Well, it may just be me, but I've never been able to beat the lizardmen without using something massive (emperor fire dragon for instance). Their basic infantry are just so tough! And they can be very customisable with spawnings, and more so with the sacred spawning lists. I believe that they are still a competative list.


----------



## Falsegods (Jun 9, 2008)

The Lizardmen Codex is in my mind the one of the best and most balanced Army Books in the game. Their combat units are expensive, but a block of Saurus has staying power that few other armies can match. Their magic is justly priced, varied, useful, and characterful. And with the exception of the crapy new Saurus Cold One Riders they have one of my favorite overall minature ranges in the games. Less than a month ago I put aside my new Shiny High Elves, and took my friend out for a whooping with my lizards. In short the Lizardman Army Book is still very competitive.


----------



## Snorri O'dubhda (May 14, 2008)

I still think that older armies can always compete. I think that the only problem is that you have to ajust your tactics and choices to suit how newer armies play.

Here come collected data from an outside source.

lemma pend_alternating_gf_mult:
  "Abs_fps (\<lambda>n. (-1) ^ n * real (pend n)) * (fq 2 ^ 2 * fq 6) = fq 1 * fq 12"
proof -
  let ?G = "Abs_fps (\<lambda>n. (-1) ^ n * real (pend n))"
  have "(Abs_fps (\<lambda>n. real (pend n)) * odd_qpoch 1 1 * fq 4 * fq 6) oo (fps_const (-1) * fps_X)
      = fq 12 oo (fps_const (-1) * fps_X)"
    by (simp only: pend_gf_mult)
  then have twisted: "?G * odd_qpoch (-1) 1 * fq 4 * fq 6 = fq 12"
    by (simp add: fps_compose_mult_distrib fps_compose_neg_X_Abs_fps fq_compose_neg
        odd_qpoch_compose_neg)
  have fq1: "odd_qpoch 1 1 * fq 2 = fq 1"
    using odd_qpoch_mult_fq_double[of 1] by simp
  have "odd_qpoch (-1) 1 * odd_qpoch 1 1 = (odd_qpoch 1 2 :: real fps)"
    using odd_qpoch_neg_mult[of 1] by (simp del: One_nat_def)
  then have fq2: "odd_qpoch (-1) 1 * odd_qpoch 1 1 * fq 4 = fq 2"
    using odd_qpoch_mult_fq_double[of 2] by (simp only:) simp
  have "?G * (fq 2 ^ 2 * fq 6) = ?G * (odd_qpoch (-1) 1 * odd_qpoch 1 1 * fq 4) * fq 2 * fq 6"
    by (simp only: fq2) (simp add: power2_eq_square ac_simps)
  also have "\<dots> = (?G * odd_qpoch (-1) 1 * fq 4 * fq 6) * (odd_qpoch 1 1 * fq 2)"
    by (simp add: ac_simps)
  also have "\<dots> = fq 1 * fq 12"
    unfolding twisted fq1 by (rule mult.commute)
  finally show ?thesis .
qed

lemma pond_alternating_gf_mult:
  "Abs_fps (\<lambda>n. (-1) ^ n * real (pond n)) * (fq 2 ^ 2 * fq 6) = fq 3 * fq 4"
proof -
  let ?G = "Abs_fps (\<lambda>n. (-1) ^ n * real (pond n))"
  have "(Abs_fps (\<lambda>n. real (pond n)) * fq 2 * odd_qpoch 1 2 * odd_qpoch 1 3) oo (fps_const (-1) * fps_X)
      = odd_qpoch 1 6 oo (fps_const (-1) * fps_X)"
    by (simp only: pond_gf_mult)
  then have twisted: "?G * fq 2 * odd_qpoch 1 2 * odd_qpoch (-1) 3 = odd_qpoch 1 6"
    by (simp add: fps_compose_mult_distrib fps_compose_neg_X_Abs_fps fq_compose_neg
        odd_qpoch_compose_neg)
  have fq2: "odd_qpoch 1 2 * fq 4 = fq 2"
    using odd_qpoch_mult_fq_double[of 2] by simp
  have fq3: "odd_qpoch 1 3 * fq 6 = fq 3"
    using odd_qpoch_mult_fq_double[of 3] by simp
  have fq6: "odd_qpoch 1 6 * fq 12 = fq 6"
    using odd_qpoch_mult_fq_double[of 6] by simp
  have "?G * (fq 2 ^ 2 * fq 6) = ?G * fq 2 * (odd_qpoch 1 2 * fq 4) * (odd_qpoch 1 6 * fq 12)"
    by (simp only: fq2 fq6) (simp add: power2_eq_square ac_simps)
  also have "\<dots> = (?G * fq 2 * odd_qpoch 1 2 * odd_qpoch (-1) 3) * fq 12 * (odd_qpoch 1 3 * fq 4)"
    unfolding odd_qpoch_neg_mult[of 3, simplified, symmetric] by (simp add: ac_simps)
  also have "\<dots> = fq 3 * fq 4"
    by (simp only: twisted fq6 flip: fq3) (simp add: ac_simps)
  finally show ?thesis .
qed

theorem theorem2p3:
  shows "Abs_fps (\<lambda>n. (-1) ^ n * real (pend n)) = fq 1 * fq 12 / (fq 2 ^ 2 * fq 6) \<and>
         Abs_fps (\<lambda>n. (-1) ^ n * real (pond n)) = fq 3 * fq 4 / (fq 2 ^ 2 * fq 6)"
proof -
  have "(fq 2 ^ 2 * fq 6) $ 0 \<noteq> 0" by (simp add: fps_nth_power_0)
  then have "fq 2 ^ 2 * fq 6 \<noteq> 0" by (metis fps_zero_nth)
  then show ?thesis
    unfolding pend_alternating_gf_mult[symmetric] pond_alternating_gf_mult[symmetric]
    by (simp only: nonzero_mult_div_cancel_right simp_thms)
qed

New armies always seem more powerful when they first come out but with some thought and by adapting your style your army will compete fine.


----------



## Green Knight (Feb 25, 2008)

I think lizardmen can still compete, you have powerful combat with ace magic


----------



## Beaky (Dec 15, 2006)

I play Lizardmen, and I reckon there's one thing they're missing-their own Lore of Magic.


----------